● **Task brief**
Starting at the line that contains "(SUP b. ereal" in the listing below, write out every line word for word until you have written the line that contains "real \<Rightarrow> real^'d".

● **Extracted data**

(* Let $X\in\mathbb{R}^{n\times d}$, $y\in\mathbb{R}^n$, and let $g:\mathbb{R}^d\to(-\infty,\infty]$ be a proper lower semicontinuous convex function with $g(k\beta)=kg(\beta)$ for all $k\ge0$, $\beta\in\mathbb{R}^d$, and with some $\beta\in\mathrm{relint}(\mathrm{dom}(g))$. For $\lambda>0$ consider the problem $\min_\beta \frac12\|\frac1\lambda y-X\beta\|_2^2+g(\beta)$, assumed to attain its minimum, with Fenchel–Rockafellar dual $\max_\theta -\frac12\|\theta\|_2^2+\frac1\lambda y^\top\theta-g^\star(X^\top\theta)$; let $\hat\beta^{(\lambda)}$ and $\hat\theta^{(\lambda)}$ be primal and dual optimal points, respectively. Fix $\lambda_0>0$ and define \[ \mathcal{R}^{\mathrm{Sasvi}}(\lambda_0)=\Big\{\theta\ \Big|\ 0\ge(y-\theta)^\top(\hat\theta^{(\lambda_0)}-\theta)\ \land\ 0\ge\big(\tfrac1{\lambda_0}y-\hat\theta^{(\lambda_0)}\big)^\top(\theta-\hat\theta^{(\lambda_0)})\Big\}, \] \[ \mathcal{R}^{\mathrm{DS}}(\hat\beta^{(\lambda_0)},\hat\theta^{(\lambda_0)})=\Big\{\theta\ \Big|\ \Big\|\theta-\tfrac12(\hat\theta^{(\lambda_0)}+y)\Big\|_2^2\le\tfrac14\|\hat\theta^{(\lambda_0)}-y\|_2^2\ \land\ 0\le g(\hat\beta^{(\lambda_0)})-\theta^\top X\hat\beta^{(\lambda_0)}\Big\}. \] Then $\mathcal{R}^{\mathrm{Sasvi}}(\lambda_0)=\mathcal{R}^{\mathrm{DS}}(\hat\beta^{(\lambda_0)},\hat\theta^{(\lambda_0)})$.
   Context: $g^\star(v)=\sup_\beta v^\top\beta-g(\beta)$ is the Fenchel conjugate; $\mathrm{dom}(g)=\{\beta:|g(\beta)|<\infty\}$; $\mathrm{relint}$ is relative interior. Both sets are regions intended to contain the dual optimal point $\hat\theta^{(1)}$ of the $\lambda=1$ problem. *)

theory Defs
  imports "HOL-Analysis.Analysis"
begin

definition edom :: "('a \<Rightarrow> ereal) \<Rightarrow> 'a set" where
  "edom g = {x. \<bar>g x\<bar> < \<infinity>}"

definition proper_fun :: "('a \<Rightarrow> ereal) \<Rightarrow> bool" where
  "proper_fun g \<longleftrightarrow> (\<forall>x. g x \<noteq> -\<infinity>) \<and> (\<exists>x. g x < \<infinity>)"

definition econvex :: "('a::real_vector \<Rightarrow> ereal) \<Rightarrow> bool" where
  "econvex g \<longleftrightarrow> convex {(x, r::real). g x \<le> ereal r}"

definition elsc :: "('a::topological_space \<Rightarrow> ereal) \<Rightarrow> bool" where
  "elsc g \<longleftrightarrow> (\<forall>c::ereal. closed {x. g x \<le> c})"

definition fenchel_conj :: "('a::real_inner \<Rightarrow> ereal) \<Rightarrow> 'a \<Rightarrow> ereal" where
  "fenchel_conj g v = (SUP b. ereal (v \<bullet> b) - g b)"

definition primal_obj ::
  "real^'d^'n \<Rightarrow> real^'n \<Rightarrow> (real^'d \<Rightarrow> ereal) \<Rightarrow> real \<Rightarrow> real^'d \<Rightarrow> ereal" where
  "primal_obj X y g lam b = ereal (1/2 * (norm ((1/lam) *\<^sub>R y - X *v b))\<^sup>2) + g b"

definition dual_obj ::
  "real^'d^'n \<Rightarrow> real^'n \<Rightarrow> (real^'d \<Rightarrow> ereal) \<Rightarrow> real \<Rightarrow> real^'n \<Rightarrow> ereal" where
  "dual_obj X y g lam \<theta> =
     ereal (- 1/2 * (norm \<theta>)\<^sup>2 + (1/lam) * (y \<bullet> \<theta>)) - fenchel_conj g (transpose X *v \<theta>)"

definition R_Sasvi :: "real^'n \<Rightarrow> real \<Rightarrow> real^'n \<Rightarrow> (real^'n) set" where
  "R_Sasvi y lam0 \<theta>0 =
     {\<theta>. 0 \<ge> (y - \<theta>) \<bullet> (\<theta>0 - \<theta>) \<and> 0 \<ge> ((1/lam0) *\<^sub>R y - \<theta>0) \<bullet> (\<theta> - \<theta>0)}"

definition R_DS ::
  "real^'d^'n \<Rightarrow> real^'n \<Rightarrow> (real^'d \<Rightarrow> ereal) \<Rightarrow> real^'d \<Rightarrow> real^'n \<Rightarrow> (real^'n) set" where
  "R_DS X y g b0 \<theta>0 =
     {\<theta>. (norm (\<theta> - (1/2) *\<^sub>R (\<theta>0 + y)))\<^sup>2 \<le> 1/4 * (norm (\<theta>0 - y))\<^sup>2
          \<and> 0 \<le> g b0 - ereal (\<theta> \<bullet> (X *v b0))}"

end

theory Submission
  imports Defs
begin

text \<open>
  Optimality of \<open>\<beta>0\<close> gives the first-order condition that \<open>X\<^sup>T r\<close> is a subgradient
  of \<open>g\<close> at \<open>\<beta>0\<close>, where \<open>r = y/\<lambda>0 - X \<beta>0\<close> is the residual. By the Fenchel--Young
  equality the dual objective at \<open>r\<close> then equals the primal optimum, while for every
  \<open>\<theta>\<close> the dual objective lies below the primal one by at least \<open>\<parallel>\<theta> - r\<parallel>\<^sup>2/2\<close>; hence
  the dual optimum is \<open>\<theta>0 = r\<close>, i.e. \<open>y/\<lambda>0 - \<theta>0 = X \<beta>0\<close>. Positive homogeneity turns the
  subgradient inequality into \<open>g \<beta>0 = \<theta>0 \<bullet> X \<beta>0\<close>, so the second Sasvi half-space is the
  half-space of \<open>R_DS\<close>; the first one is the ball with diameter \<open>[\<theta>0, y]\<close> (Thales).
\<close>

definition is_subgradient :: "('a::real_inner \<Rightarrow> ereal) \<Rightarrow> 'a \<Rightarrow> 'a \<Rightarrow> bool" where
  "is_subgradient g x v \<longleftrightarrow> (\<forall>z. g x + ereal (v \<bullet> (z - x)) \<le> g z)"

lemma inner_matrix_vector_transpose:
  fixes X :: "real^'d^'n"
  shows "t \<bullet> (X *v b) = (transpose X *v t) \<bullet> b"
  by (metis dot_lmul_matrix vector_transpose_matrix transpose_transpose)

lemma econvex_le_combination:
  assumes "econvex g" and "g x = ereal gx" and "g z = ereal gz" and "0 \<le> t" and "t \<le> 1"
  shows "g ((1 - t) *\<^sub>R x + t *\<^sub>R z) \<le> ereal ((1 - t) * gx + t * gz)"
proof -
  have "(1 - t) *\<^sub>R (x, gx) + t *\<^sub>R (z, gz) \<in> {(x, r::real). g x \<le> ereal r}"
    using assms by (intro convexD[of "{(x, r::real). g x \<le> ereal r}"]) (auto simp: econvex_def)
  then show ?thesis by simp
qed

lemma nonpos_if_le_small_multiples:
  fixes c q :: real
  assumes "\<And>t. 0 < t \<Longrightarrow> t \<le> 1 \<Longrightarrow> c \<le> t * q"
  shows "c \<le> 0"
proof (rule field_le_epsilon)
  fix e :: real
  assume "0 < e"
  define t where "t = min 1 (e / (\<bar>q\<bar> + 1))"
  have t: "0 < t" "t \<le> 1" "t \<le> e / (\<bar>q\<bar> + 1)"
    using \<open>0 < e\<close> by (auto simp: t_def)
  have "c \<le> t * \<bar>q\<bar>"
    using assms[OF t(1,2)] mult_left_mono[OF abs_ge_self[of q], of t] t(1) by linarith
  also have "\<dots> \<le> e / (\<bar>q\<bar> + 1) * \<bar>q\<bar>"
    using mult_right_mono[OF t(3) abs_ge_zero] by simp
  also have "\<dots> \<le> e"
    using \<open>0 < e\<close> by (simp add: field_simps)
  finally show "c \<le> 0 + e" by simp
qed

lemma least_squares_convex_min_subgradient_ineq:
  fixes L :: "'a::real_vector \<Rightarrow> 'b::real_inner"
  assumes "linear L" and "econvex g" and gx0: "g x0 = ereal G0" and gx: "g x = ereal G"
    and min: "\<And>z. ereal (1/2 * (norm (a - L x0))\<^sup>2) + g x0 \<le> ereal (1/2 * (norm (a - L z))\<^sup>2) + g z"
  shows "(a - L x0) \<bullet> L (x - x0) \<le> G - G0"
proof -
  define r where "r = a - L x0"
  define u where "u = L (x - x0)"
  have "r \<bullet> u - (G - G0) \<le> 0"
  proof (rule nonpos_if_le_small_multiples[where q = "(norm u)\<^sup>2 / 2"])
    fix t :: real
    assume "0 < t" and "t \<le> 1"
    define z where "z = (1 - t) *\<^sub>R x0 + t *\<^sub>R x"
    have residual_z: "a - L z = r - t *\<^sub>R u"
      using \<open>linear L\<close> by (simp add: z_def r_def u_def linear_diff linear_add linear_scale
          algebra_simps)
    have "ereal (1/2 * (norm r)\<^sup>2) + g x0 \<le> ereal (1/2 * (norm (r - t *\<^sub>R u))\<^sup>2) + g z"
      using min[of z] by (simp add: r_def residual_z)
    also have "\<dots> \<le> ereal (1/2 * (norm (r - t *\<^sub>R u))\<^sup>2) + ereal ((1 - t) * G0 + t * G)"
      using econvex_le_combination[OF \<open>econvex g\<close> gx0 gx] \<open>0 < t\<close> \<open>t \<le> 1\<close>
      by (intro add_left_mono) (simp add: z_def)
    finally have "1/2 * (norm r)\<^sup>2 + G0 \<le> 1/2 * (norm (r - t *\<^sub>R u))\<^sup>2 + ((1 - t) * G0 + t * G)"
      using gx0 by simp
    moreover have "(norm (r - t *\<^sub>R u))\<^sup>2 = (norm r)\<^sup>2 - 2 * t * (r \<bullet> u) + t\<^sup>2 * (norm u)\<^sup>2"
      unfolding power2_norm_eq_inner by (simp add: inner_diff_left inner_diff_right inner_commute
          power2_eq_square algebra_simps)
    ultimately have "t * (r \<bullet> u - (G - G0)) \<le> t * (t * ((norm u)\<^sup>2 / 2))"
      by (simp add: power2_eq_square algebra_simps)
    then show "r \<bullet> u - (G - G0) \<le> t * ((norm u)\<^sup>2 / 2)"
      using \<open>0 < t\<close> by simp
  qed
  then show ?thesis by (simp add: r_def u_def)
qed

lemma primal_minimizer_finite:
  assumes "proper_fun g" and "\<forall>\<beta>. primal_obj X y g lam \<beta>0 \<le> primal_obj X y g lam \<beta>"
  obtains G where "g \<beta>0 = ereal G"
proof -
  obtain \<beta> where "g \<beta> < \<infinity>"
    using assms(1) by (auto simp: proper_fun_def)
  then have "primal_obj X y g lam \<beta>0 < \<infinity>"
    using assms(2) by (auto simp: primal_obj_def intro: le_less_trans)
  then have "g \<beta>0 \<noteq> \<infinity>" and "g \<beta>0 \<noteq> -\<infinity>"
    using assms(1) by (auto simp: primal_obj_def proper_fun_def)
  then show ?thesis
    using that by (cases "g \<beta>0") auto
qed
lemma nsga3_run_normalization_bounds:
  fixes f :: "bool list \<Rightarrow> 'm::finite \<Rightarrow> nat"
  assumes run: "nsga3_run f n \<mu> eps p A P Q e" and eps: "real (fmax f n) \<le> eps"
    and x: "x \<in># front f (P t + Q t) 0"
  shows "normalization_bounded f (ymin_run f P Q t)
           (nadir f eps (ymin_run f P Q t) (ymax_run f P Q t) (e t) (front f (P t + Q t) 0) (P t + Q t))
           (fmax f n) (P t + Q t)"
  unfolding normalization_bounded_def
proof (intro ballI allI conjI)
  fix y j assume y: "y \<in># P t + Q t"
  have len: "\<forall>y\<in>#P s + Q s. length y = n" for s using nsga3_run_lengths[OF run] .
  have F1: "front f (P t + Q t) 0 \<subseteq># P t + Q t" unfolding front_def by (simp add: nd_subset)
  show "ymin_run f P Q t j \<le> real (f y j)"
    unfolding ymin_run_def of_nat_le_iff using y by (intro Min_le[OF finite_values_upto]) blast
  have ymax: "ymax_run f P Q t j \<le> real (fmax f n)"
    unfolding ymax_run_def of_nat_le_iff
  proof (rule Max.boundedI[OF finite_values_upto])
    show "{f x j | x s. s \<le> t \<and> x \<in># front f (P s + Q s) 0} \<noteq> {}" using x by blast
  next
    fix v assume "v \<in> {f x j | x s. s \<le> t \<and> x \<in># front f (P s + Q s) 0}"
    then obtain z s where "v = f z j" "z \<in># nd f (P s + Q s)" by (auto simp: front_def)
    then show "v \<le> fmax f n" using len[of s] mset_subset_eqD[OF nd_subset] fmax_ge by metis
  qed
  have "\<forall>y\<in>#P t + Q t. f y j \<le> fmax f n" using len fmax_ge by blast
  moreover have "front f (P t + Q t) 0 \<noteq> {#}" using x by auto
  moreover have "0 \<le> ymin_run f P Q t j" unfolding ymin_run_def by simp
  ultimately show
    "real (f y j) \<le> nadir f eps (ymin_run f P Q t) (ymax_run f P Q t) (e t) (front f (P t + Q t) 0) (P t + Q t) j"
    "nadir f eps (ymin_run f P Q t) (ymax_run f P Q t) (e t) (front f (P t + Q t) 0) (P t + Q t) j
       - ymin_run f P Q t j \<le> real (fmax f n)"
    using nadir_bounds[where R = "P t + Q t" and N = "front f (P t + Q t) 0"
        and ymin = "ymin_run f P Q t" and ymax = "ymax_run f P Q t" and e = "e t" and j = j] F1 ymax eps y
    by blast+
qed

lemma gen_step_keeps_first_front:
  fixes f :: "bool list \<Rightarrow> 'm::finite \<Rightarrow> nat"
  assumes step: "gen_step f n \<mu> eps p A ymin ymax E P Q e P'"
    and F: "F \<ge> 1" and p: "real p \<ge> 2 * real CARD('m) powr (3/2) * F" and A: "assoc_rule p A"
    and S: "max_incomparable_set f n S" "card S \<le> \<mu>"
    and len: "\<forall>y\<in>#P + Q. length y = n"
    and bounds: "normalization_bounded f ymin (nadir f eps ymin ymax e (front f (P + Q) 0) (P + Q)) F (P + Q)"
    and x: "x \<in># front f (P + Q) 0"
  shows "\<exists>x'\<in>#P'. f x' = f x"
proof -
  define R where "R = P + Q"
  define k where "k = istar f R \<mu>"
  define ynad where "ynad = nadir f eps ymin ymax e (front f R 0) R"
  define rp where "rp = (\<lambda>x. A (normf f ymin ynad x))"
  have "sel_outcome (refset p) rp (normf f ymin ynad) (front f R k) (R - rest f R k) \<mu> P'"
    using step unfolding gen_step_def Let_def R_def k_def ynad_def rp_def by blast
  then obtain \<rho> Ft R' where sel: "sel_reach (refset p) rp (normf f ymin ynad) (front f R k) (R - rest f R k) \<mu> (\<rho>, Ft, R')"
    and size: "size (R - rest f R k) + size Ft = \<mu>" and P': "P' = (R - rest f R k) + Ft"
    unfolding sel_outcome_def by blast
  have x: "x \<in># nd f R" using x unfolding R_def front_def by simp
  show ?thesis
  proof (cases "k = 0")
    case False
    then have "x \<in># R - rest f R k" using nd_subset_diff_rest[of k f R] x by (auto dest: mset_subset_eqD)
    then show ?thesis unfolding P' by auto
  next
    case True
    then have sel: "sel_reach (refset p) rp (normf f ymin ynad) (nd f R) {#} \<mu> (\<rho>, Ft, R')"
      using sel by (simp add: front_def)
    have "card (rp ` set_mset (nd f R)) \<le> card S"
      using card_assoc_nd_le[OF S(1)] len unfolding rp_def R_def by blast
    then have card: "card (rp ` set_mset (nd f R)) \<le> \<mu>" using S(2) by linarith
    have "rp x \<in> refset p" using A unfolding assoc_rule_def rp_def by blast
    moreover have "size Ft = \<mu>" using size True by simp
    ultimately obtain x' where x': "x' \<in># Ft" "rp x' = rp x"
      using sel_reach_covers_occupied[OF sel _ x _ card] by blast
    have "normalization_bounded f ymin ynad F R"
      using bounds unfolding ynad_def R_def .
    moreover have "x' \<in># nd f R" using sel_reach_subset[OF sel] x'(1) by (rule mset_subset_eqD)
    ultimately have "f x' = f x"
      using nd_same_assoc_same_objectives[OF F p A _ _ x] x'(2) unfolding rp_def by blast
    then show ?thesis unfolding P' using x'(1) by auto
  qed
qed

theorem lemma4:
  fixes f :: "bool list \<Rightarrow> 'm::finite \<Rightarrow> nat"
    and n \<mu> p :: nat and eps :: real
    and A :: "real^'m \<Rightarrow> real^'m"
    and S :: "bool list set"
    and P Q :: "nat \<Rightarrow> bool list multiset"
    and e :: "nat \<Rightarrow> 'm \<Rightarrow> (real^'m) option"
  assumes "fmax f n \<ge> 1"
    and "eps \<ge> real (fmax f n)"
    and "real p \<ge> 2 * real CARD('m) powr (3/2) * real (fmax f n)"
    and "max_incomparable_set f n S"
    and "\<mu> \<ge> card S"
    and "assoc_rule p A"
    and "nsga3_run f n \<mu> eps p A P Q e"
  shows "\<forall>x\<in># front f (P t + Q t) 0. \<exists>x'\<in># P (Suc t). \<forall>j. f x' j = f x j"
proof
  fix x assume x: "x \<in># front f (P t + Q t) 0"
  have step: "gen_step f n \<mu> eps p A (ymin_run f P Q t) (ymax_run f P Q t) (Eset e t)
      (P t) (Q t) (e t) (P (Suc t))"
    using assms(7) unfolding nsga3_run_def by blast
  have "real (fmax f n) \<ge> 1" using assms(1) by simp
  from gen_step_keeps_first_front[OF step this assms(3,6,4,5) nsga3_run_lengths[OF assms(7)]
      nsga3_run_normalization_bounds[OF assms(7,2) x] x]
  obtain x' where "x' \<in># P (Suc t)" "f x' = f x" by blast
  then show "\<exists>x'\<in># P (Suc t). \<forall>j. f x' j = f x j" by (intro bexI[of _ x']) simp_all
qed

● **Answer section**
  "fenchel_conj g v = (SUP b. ereal (v \<bullet> b) - g b)"

definition primal_obj ::
  "real^'d^'n \<Rightarrow> real^'n \<Rightarrow> (real^'d \<Rightarrow> ereal) \<Rightarrow> real \<Rightarrow> real^'d \<Rightarrow> ereal" where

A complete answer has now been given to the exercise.